Students, Faculty Vie for March Madness Glory
For the fourth time in five years, several students and teachers at Friends Select submitted brackets to the FSS Bracket Challenge.
In any March Madness competition, participants make predictions for the NCAA Men’s Division One Basketball Tournament and then compare their accuracy, often through a computer algorithm. In 2017, approximately 70,000,000 people completed at least one bracket. The tournament has 64 teams; in each round, half of the remaining teams are eliminated.
Through the first two rounds, Elliot Forman leads all 33 challenge entrants with 46 out of 64 possible points.

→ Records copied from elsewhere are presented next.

lemma staged_square_seq:
  assumes ap: "abelian_p_group p C" and fin: "finite (carrier C)" and nt: "carrier C \<noteq> {\<one>\<^bsub>C\<^esub>}"
    and hl: "has_length p C N" and H: "subgroup H C" and g: "g \<in> H" "g [^]\<^bsub>C\<^esub> (p ^ (N - 1)) \<noteq> \<one>\<^bsub>C\<^esub>"
    and cu: "stage_enum Xo Qu U" and cv: "stage_enum Xo Qv V" and VU: "V \<subseteq> U"
  shows "\<exists>Cs :: nat \<Rightarrow> nat monoid. unif_computable_seq Xo Cs \<and>
    (\<forall>n. abelian_p_group p (Cs n) \<and> has_length p (Cs n) N) \<and>
    (\<forall>n\<in>V. \<not> Cs n \<cong> C) \<and> (\<forall>n\<in>U - V. Cs n \<cong> C) \<and> (\<forall>n. n \<notin> U \<longrightarrow> C\<lparr>carrier := H\<rparr> \<cong> Cs n)"
proof -
  have cC: "comm_group C" and gC: "group C" using ap by (auto simp: abelian_p_group_def comm_group_def)
  have N: "0 < N" using has_length_exponentD[OF ap fin hl nt] by blast
  let ?M = "C \<times>\<times> C" and ?K = "carrier C \<times> {\<one>\<^bsub>C\<^esub>}" and ?A = "H \<times> {\<one>\<^bsub>C\<^esub>}"
  have K: "subgroup ?K ?M" "C \<cong> ?M\<lparr>carrier := ?K\<rparr>"
    using first_factor_subgroup[OF gC group.subgroup_self[OF gC]] by simp_all
  have A: "subgroup ?A ?M" "C\<lparr>carrier := H\<rparr> \<cong> ?M\<lparr>carrier := ?A\<rparr>"
    using first_factor_subgroup[OF gC H] by simp_all
  have gC': "g \<in> carrier C" and AK: "?A \<subseteq> ?K" using g(1) subgroup.subset[OF H] by auto
  have "finite (carrier ?M)" "(g, \<one>\<^bsub>C\<^esub>) \<in> ?A" using fin g(1) by simp_all
  then obtain Cs :: "nat \<Rightarrow> nat monoid" where Cs: "unif_computable_seq Xo Cs"
    "\<forall>n. abelian_p_group p (Cs n) \<and> has_length p (Cs n) N"
    "\<forall>n. ?M\<lparr>carrier := (if n \<in> V then carrier ?M else if n \<in> U then ?K else ?A)\<rparr> \<cong> Cs n"
    using unif_computable_abelian_p_group_seq[OF comm_group_DirProd[OF cC cC] _ N
        DirProd_self_exponent(1)[OF ap fin nt hl gC' g(2)] A(1) K(1) AK _
        DirProd_self_exponent(2)[OF ap fin nt hl gC' g(2)] cu cv VU]
    by blast
  have "\<not> Cs n \<cong> C" if "n \<in> V" for n
  proof
    assume "Cs n \<cong> C"
    moreover have "?M \<cong> Cs n" using Cs(3)[rule_format, of n] that by (simp del: carrier_DirProd)
    ultimately show False
      using iso_trans DirProd_self_not_iso[OF fin nt monoid.one_closed[OF group.is_monoid[OF gC]]] by blast
  qed
  moreover have "Cs n \<cong> C" if "n \<in> U - V" for n
  proof -
    have "?M\<lparr>carrier := ?K\<rparr> \<cong> Cs n" using Cs(3)[rule_format, of n] that by simp
    then show ?thesis using K(2) iso_trans group.iso_sym[OF gC] by blast
  qed
  moreover have "C\<lparr>carrier := H\<rparr> \<cong> Cs n" if "n \<notin> U" for n
  proof -
    have "n \<notin> V" using that VU by blast
    then have "?M\<lparr>carrier := ?A\<rparr> \<cong> Cs n" using Cs(3)[rule_format, of n] that by simp
    then show ?thesis using A(2) iso_trans by blast
  qed
  ultimately show ?thesis using Cs(1,2) by blast
qed

lemma pi01_abelian_p_group_seq:
  assumes ap: "abelian_p_group p C" and fin: "finite (carrier C)" and nt: "carrier C \<noteq> {\<one>\<^bsub>C\<^esub>}"
    and hl: "has_length p C N" and S: "pi01_in Xo S"
  shows "\<exists>Cs :: nat \<Rightarrow> nat monoid. unif_computable_seq Xo Cs \<and>
    (\<forall>n. abelian_p_group p (Cs n) \<and> has_length p (Cs n) N) \<and> (\<forall>n. Cs n \<cong> C \<longleftrightarrow> n \<in> S)"
proof -
  have gC: "group C" using ap by (simp add: abelian_p_group_def comm_group_def)
  obtain g where g: "g \<in> carrier C" "g [^]\<^bsub>C\<^esub> (p ^ (N - 1)) \<noteq> \<one>\<^bsub>C\<^esub>"
    using has_length_exponentD[OF ap fin hl nt] by blast
  obtain Q where Q: "stage_enum Xo Q (- S)" using ce_in_stage_enum S unfolding pi01_in_def by blast
  obtain Cs :: "nat \<Rightarrow> nat monoid" where Cs: "unif_computable_seq Xo Cs"
    "\<forall>n. abelian_p_group p (Cs n) \<and> has_length p (Cs n) N" "\<forall>n\<in>- S. \<not> Cs n \<cong> C"
    "\<forall>n. n \<notin> - S \<longrightarrow> C\<lparr>carrier := carrier C\<rparr> \<cong> Cs n"
    using staged_square_seq[OF ap fin nt hl group.subgroup_self[OF gC] g Q Q subset_refl] by blast
  have "Cs n \<cong> C \<longleftrightarrow> n \<in> S" for n
    using Cs(3,4) group.iso_sym[OF gC] by (cases "n \<in> S") auto
  then show ?thesis using Cs(1,2) by blast
qed

lemma dce_abelian_p_group_seq:
  assumes p: "Factorial_Ring.prime p" and ap: "abelian_p_group p C" and fin: "finite (carrier C)"
    and nt: "carrier C \<noteq> {\<one>\<^bsub>C\<^esub>}" and hl: "has_length p C N"
    and ncyc: "\<not> C \<cong> integer_mod_group (p ^ N)" and S: "dce_in Xo S"
  shows "\<exists>Cs :: nat \<Rightarrow> nat monoid. unif_computable_seq Xo Cs \<and>
    (\<forall>n. abelian_p_group p (Cs n) \<and> has_length p (Cs n) N) \<and> (\<forall>n. Cs n \<cong> C \<longleftrightarrow> n \<in> S)"
proof -
  have gC: "group C" using ap by (simp add: abelian_p_group_def comm_group_def)
  obtain g where N: "0 < N" and g: "g \<in> carrier C" "g [^]\<^bsub>C\<^esub> (p ^ (N - 1)) \<noteq> \<one>\<^bsub>C\<^esub>"
    "g [^]\<^bsub>C\<^esub> (p ^ N) = \<one>\<^bsub>C\<^esub>"
    using has_length_exponentD[OF ap fin hl nt] by blast
  define H where "H = cyclic_pow C g ` carrier (integer_mod_group (p ^ N))"
  have H: "subgroup H C" and cyc: "integer_mod_group (p ^ N) \<cong> C\<lparr>carrier := H\<rparr>"
    using cyclic_pow_iso[OF gC p N g(1,3,2)] unfolding H_def by (auto intro: is_isoI)
  have "1 < p ^ N" using one_less_power[OF prime_gt_1_nat[OF p] N] .
  then have "int 1 < int (p ^ N)" by (simp only: of_nat_less_iff)
  then have "1 \<in> carrier (integer_mod_group (p ^ N))"
    using carrier_integer_mod_group_prime_power[OF p] by simp
  moreover have "cyclic_pow C g 1 = g"
    unfolding cyclic_pow_def using monoid.nat_pow_eone[OF group.is_monoid[OF gC] g(1)] by simp
  ultimately have gH: "g \<in> H" unfolding H_def by (metis image_eqI)
  obtain S1 S2 where S12: "ce_in Xo S1" "ce_in Xo S2" "S = S1 - S2" using S unfolding dce_in_def by blast
  obtain Q1 Q2 where Q1: "stage_enum Xo Q1 S1" and Q2: "stage_enum Xo Q2 S2"
    using ce_in_stage_enum S12(1,2) by metis
  obtain Cs :: "nat \<Rightarrow> nat monoid" where Cs: "unif_computable_seq Xo Cs"
    "\<forall>n. abelian_p_group p (Cs n) \<and> has_length p (Cs n) N" "\<forall>n\<in>S2. \<not> Cs n \<cong> C"
    "\<forall>n\<in>(S1 \<union> S2) - S2. Cs n \<cong> C" "\<forall>n. n \<notin> S1 \<union> S2 \<longrightarrow> C\<lparr>carrier := H\<rparr> \<cong> Cs n"
    using staged_square_seq[OF ap fin nt hl H gH g(2) stage_enum_Un[OF Q1 Q2] Q2] by blast
  have "\<not> Cs n \<cong> C" if "n \<notin> S1 \<union> S2" for n
    using Cs(5) that cyc ncyc iso_trans group.iso_sym[OF group_integer_mod_group] by metis
  then have "Cs n \<cong> C \<longleftrightarrow> n \<in> S" for n
    using Cs(3,4) S12(3) by blast
  then show ?thesis using Cs(1,2) by blast
qed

Behind Elliot are Associate Upper School Director Erin Pratt (41), Zion Todd ‘22 (40), and Lucy Doss ‘21. Because participants must predict the entire bracket before the tournament begins, some brackets are currently competitive but have little chance of retaining their high spots.
Elliot, whose bracket ranks in the top 1,000 across the United States, took a direct approach to his bracket. “I picked my Final Four by going round by round and just picking who I thought would win. I knew some things about strategy but there were some picks where I just had a gut feeling,” he says.
Participants’ selections were influenced by everything from statistics to fondness for specific logos. “Sometimes I made picks on gut feelings and personal preferences, but sometimes it was just an experience or how I feel about a particular college or university,” says Erin.
Several community members’ brackets were busted by a number of stunning early-round upsets: surprise losses from Illinois, Texas, and Ohio State eliminated many competitors’ predicted champions. However, students and teachers who selected prominent teams like Gonzaga and Baylor are still in good standing.
Previous champions include Mia Cohen ‘21 (2019), Henry Fogg ‘22 (2018), and Zachary Levine ‘22 (2017). This year, though, past success does not indicate high performance: Mia, Henry, and Zachary have little chance of winning.
Although many participants are generally uninterested in sports, the entertaining and straightforward nature of the NCAA tournament is a compelling draw. “I don’t follow basketball in the slightest, but I always watch March Madness,” says Lucy Doss ‘21, who currently sits in third place. “The brackets more or less come down to luck, so you don’t need to know jack about the sport.”